**EXERCISE AIM**
Once you reach the line containing "ultimately show ?thesis" in the data below, restate each line word for word up to and including the one containing "Suc n \<Longrightarrow>".

**RECORD EXCERPTS**

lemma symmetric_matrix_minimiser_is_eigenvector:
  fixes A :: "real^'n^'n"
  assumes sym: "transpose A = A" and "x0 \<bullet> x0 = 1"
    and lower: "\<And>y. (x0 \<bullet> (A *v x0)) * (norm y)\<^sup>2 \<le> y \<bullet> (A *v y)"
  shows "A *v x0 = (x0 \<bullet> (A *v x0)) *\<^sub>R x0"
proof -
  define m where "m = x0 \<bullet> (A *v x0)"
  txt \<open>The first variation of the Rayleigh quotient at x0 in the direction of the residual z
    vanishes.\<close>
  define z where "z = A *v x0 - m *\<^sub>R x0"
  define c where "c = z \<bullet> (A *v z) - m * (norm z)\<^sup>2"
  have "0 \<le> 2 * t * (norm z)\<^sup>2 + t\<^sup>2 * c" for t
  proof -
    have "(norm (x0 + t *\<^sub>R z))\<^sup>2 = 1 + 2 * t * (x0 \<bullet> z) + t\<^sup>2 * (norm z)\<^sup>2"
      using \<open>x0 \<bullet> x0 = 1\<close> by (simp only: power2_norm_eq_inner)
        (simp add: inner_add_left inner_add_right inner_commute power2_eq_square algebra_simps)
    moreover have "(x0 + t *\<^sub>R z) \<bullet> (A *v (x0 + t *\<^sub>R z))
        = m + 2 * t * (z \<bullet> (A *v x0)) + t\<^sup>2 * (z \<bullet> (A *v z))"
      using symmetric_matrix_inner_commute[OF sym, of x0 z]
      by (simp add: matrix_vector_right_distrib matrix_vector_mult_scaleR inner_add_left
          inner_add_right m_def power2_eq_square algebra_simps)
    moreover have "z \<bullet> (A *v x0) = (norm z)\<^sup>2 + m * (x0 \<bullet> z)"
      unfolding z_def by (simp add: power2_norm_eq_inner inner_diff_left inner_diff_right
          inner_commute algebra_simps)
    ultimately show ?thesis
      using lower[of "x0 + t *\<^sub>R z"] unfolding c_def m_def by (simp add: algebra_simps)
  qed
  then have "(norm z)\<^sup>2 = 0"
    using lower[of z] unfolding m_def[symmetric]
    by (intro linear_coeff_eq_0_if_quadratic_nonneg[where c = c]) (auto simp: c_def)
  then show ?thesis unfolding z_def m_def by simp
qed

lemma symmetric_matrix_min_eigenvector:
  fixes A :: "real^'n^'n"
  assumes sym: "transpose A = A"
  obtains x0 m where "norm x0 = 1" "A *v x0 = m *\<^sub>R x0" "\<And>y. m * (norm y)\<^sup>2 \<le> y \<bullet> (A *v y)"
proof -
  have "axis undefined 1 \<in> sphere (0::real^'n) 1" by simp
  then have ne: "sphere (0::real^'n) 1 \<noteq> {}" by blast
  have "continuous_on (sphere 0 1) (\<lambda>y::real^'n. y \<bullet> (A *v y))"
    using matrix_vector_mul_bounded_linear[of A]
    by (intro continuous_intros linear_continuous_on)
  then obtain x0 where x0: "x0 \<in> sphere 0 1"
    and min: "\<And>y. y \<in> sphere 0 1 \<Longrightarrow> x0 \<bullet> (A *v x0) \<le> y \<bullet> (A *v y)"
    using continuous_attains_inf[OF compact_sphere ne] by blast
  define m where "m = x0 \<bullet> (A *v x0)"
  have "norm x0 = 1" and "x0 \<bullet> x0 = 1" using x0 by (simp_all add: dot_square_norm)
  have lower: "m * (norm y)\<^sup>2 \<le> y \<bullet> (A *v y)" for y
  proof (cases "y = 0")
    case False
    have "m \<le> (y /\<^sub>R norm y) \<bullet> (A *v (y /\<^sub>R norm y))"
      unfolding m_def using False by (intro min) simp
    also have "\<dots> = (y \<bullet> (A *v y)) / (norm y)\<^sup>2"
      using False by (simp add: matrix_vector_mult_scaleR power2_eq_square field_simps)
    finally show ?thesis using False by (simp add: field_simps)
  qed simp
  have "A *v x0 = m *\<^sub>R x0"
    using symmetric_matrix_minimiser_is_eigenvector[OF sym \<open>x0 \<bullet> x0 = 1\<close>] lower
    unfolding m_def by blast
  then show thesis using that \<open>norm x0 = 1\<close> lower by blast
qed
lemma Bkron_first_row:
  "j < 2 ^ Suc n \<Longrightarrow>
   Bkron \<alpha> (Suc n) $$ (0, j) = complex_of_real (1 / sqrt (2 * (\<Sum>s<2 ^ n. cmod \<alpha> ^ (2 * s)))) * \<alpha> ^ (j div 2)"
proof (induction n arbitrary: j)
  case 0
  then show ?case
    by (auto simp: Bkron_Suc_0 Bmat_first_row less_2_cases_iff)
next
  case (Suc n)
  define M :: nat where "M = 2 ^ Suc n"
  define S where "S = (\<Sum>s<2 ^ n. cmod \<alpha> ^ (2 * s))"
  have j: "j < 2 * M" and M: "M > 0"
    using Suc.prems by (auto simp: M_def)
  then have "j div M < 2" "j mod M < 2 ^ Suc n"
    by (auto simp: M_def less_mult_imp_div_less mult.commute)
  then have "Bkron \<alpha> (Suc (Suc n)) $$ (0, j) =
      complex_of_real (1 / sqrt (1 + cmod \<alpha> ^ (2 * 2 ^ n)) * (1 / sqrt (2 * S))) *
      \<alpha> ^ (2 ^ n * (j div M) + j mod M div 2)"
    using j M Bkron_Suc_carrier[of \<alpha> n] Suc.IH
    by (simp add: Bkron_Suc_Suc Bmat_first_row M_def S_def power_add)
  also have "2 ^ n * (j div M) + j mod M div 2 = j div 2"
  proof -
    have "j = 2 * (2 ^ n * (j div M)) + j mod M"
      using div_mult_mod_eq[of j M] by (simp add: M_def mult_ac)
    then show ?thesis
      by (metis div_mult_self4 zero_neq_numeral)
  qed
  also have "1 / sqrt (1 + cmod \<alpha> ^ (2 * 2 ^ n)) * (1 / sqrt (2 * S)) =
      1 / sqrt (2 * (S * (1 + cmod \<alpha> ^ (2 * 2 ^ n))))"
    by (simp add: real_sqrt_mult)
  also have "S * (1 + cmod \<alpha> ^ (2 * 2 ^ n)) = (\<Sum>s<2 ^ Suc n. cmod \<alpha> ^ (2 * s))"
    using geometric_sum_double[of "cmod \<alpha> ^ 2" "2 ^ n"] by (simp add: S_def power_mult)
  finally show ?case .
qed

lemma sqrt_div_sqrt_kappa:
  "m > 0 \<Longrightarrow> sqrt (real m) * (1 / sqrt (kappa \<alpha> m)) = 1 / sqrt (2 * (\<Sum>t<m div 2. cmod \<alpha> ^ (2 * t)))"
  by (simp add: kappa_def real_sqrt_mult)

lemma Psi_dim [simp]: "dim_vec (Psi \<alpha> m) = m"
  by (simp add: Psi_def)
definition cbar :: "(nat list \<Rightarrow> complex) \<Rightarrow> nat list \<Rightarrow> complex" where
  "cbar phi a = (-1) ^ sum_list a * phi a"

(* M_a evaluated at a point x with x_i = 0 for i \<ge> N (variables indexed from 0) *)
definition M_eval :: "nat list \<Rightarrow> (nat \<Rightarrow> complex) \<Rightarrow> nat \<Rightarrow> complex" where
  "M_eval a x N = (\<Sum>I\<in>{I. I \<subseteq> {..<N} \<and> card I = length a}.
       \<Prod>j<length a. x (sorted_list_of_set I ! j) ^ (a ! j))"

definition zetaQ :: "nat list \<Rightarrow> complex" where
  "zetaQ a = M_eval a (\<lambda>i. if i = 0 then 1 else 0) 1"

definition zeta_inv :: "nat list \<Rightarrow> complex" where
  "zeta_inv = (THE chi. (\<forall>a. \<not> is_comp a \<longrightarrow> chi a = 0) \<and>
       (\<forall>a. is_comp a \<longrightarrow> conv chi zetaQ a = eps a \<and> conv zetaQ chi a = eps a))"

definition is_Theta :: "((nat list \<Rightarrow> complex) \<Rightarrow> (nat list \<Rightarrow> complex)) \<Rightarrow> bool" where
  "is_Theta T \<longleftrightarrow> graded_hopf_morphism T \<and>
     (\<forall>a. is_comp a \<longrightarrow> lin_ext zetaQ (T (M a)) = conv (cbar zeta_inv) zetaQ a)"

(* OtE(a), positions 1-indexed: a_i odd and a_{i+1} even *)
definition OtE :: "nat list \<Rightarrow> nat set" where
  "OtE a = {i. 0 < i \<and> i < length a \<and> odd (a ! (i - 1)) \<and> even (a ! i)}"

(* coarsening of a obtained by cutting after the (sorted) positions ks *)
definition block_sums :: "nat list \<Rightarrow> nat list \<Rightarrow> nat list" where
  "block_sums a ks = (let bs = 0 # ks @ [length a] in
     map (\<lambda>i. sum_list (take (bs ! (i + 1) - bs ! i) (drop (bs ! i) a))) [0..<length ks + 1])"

**PROBLEM SOLUTION**
    ultimately show ?thesis
      using lower[of "x0 + t *\<^sub>R z"] unfolding c_def m_def by (simp add: algebra_simps)
  qed
  then have "(norm z)\<^sup>2 = 0"
    using lower[of z] unfolding m_def[symmetric]
    by (intro linear_coeff_eq_0_if_quadratic_nonneg[where c = c]) (auto simp: c_def)
  then show ?thesis unfolding z_def m_def by simp
qed

lemma symmetric_matrix_min_eigenvector:
  fixes A :: "real^'n^'n"
  assumes sym: "transpose A = A"
  obtains x0 m where "norm x0 = 1" "A *v x0 = m *\<^sub>R x0" "\<And>y. m * (norm y)\<^sup>2 \<le> y \<bullet> (A *v y)"
proof -
  have "axis undefined 1 \<in> sphere (0::real^'n) 1" by simp
  then have ne: "sphere (0::real^'n) 1 \<noteq> {}" by blast
  have "continuous_on (sphere 0 1) (\<lambda>y::real^'n. y \<bullet> (A *v y))"
    using matrix_vector_mul_bounded_linear[of A]
    by (intro continuous_intros linear_continuous_on)
  then obtain x0 where x0: "x0 \<in> sphere 0 1"
    and min: "\<And>y. y \<in> sphere 0 1 \<Longrightarrow> x0 \<bullet> (A *v x0) \<le> y \<bullet> (A *v y)"
    using continuous_attains_inf[OF compact_sphere ne] by blast
  define m where "m = x0 \<bullet> (A *v x0)"
  have "norm x0 = 1" and "x0 \<bullet> x0 = 1" using x0 by (simp_all add: dot_square_norm)
  have lower: "m * (norm y)\<^sup>2 \<le> y \<bullet> (A *v y)" for y
  proof (cases "y = 0")
    case False
    have "m \<le> (y /\<^sub>R norm y) \<bullet> (A *v (y /\<^sub>R norm y))"
      unfolding m_def using False by (intro min) simp
    also have "\<dots> = (y \<bullet> (A *v y)) / (norm y)\<^sup>2"
      using False by (simp add: matrix_vector_mult_scaleR power2_eq_square field_simps)
    finally show ?thesis using False by (simp add: field_simps)
  qed simp
  have "A *v x0 = m *\<^sub>R x0"
    using symmetric_matrix_minimiser_is_eigenvector[OF sym \<open>x0 \<bullet> x0 = 1\<close>] lower
    unfolding m_def by blast
  then show thesis using that \<open>norm x0 = 1\<close> lower by blast
qed
lemma Bkron_first_row:
  "j < 2 ^ Suc n \<Longrightarrow>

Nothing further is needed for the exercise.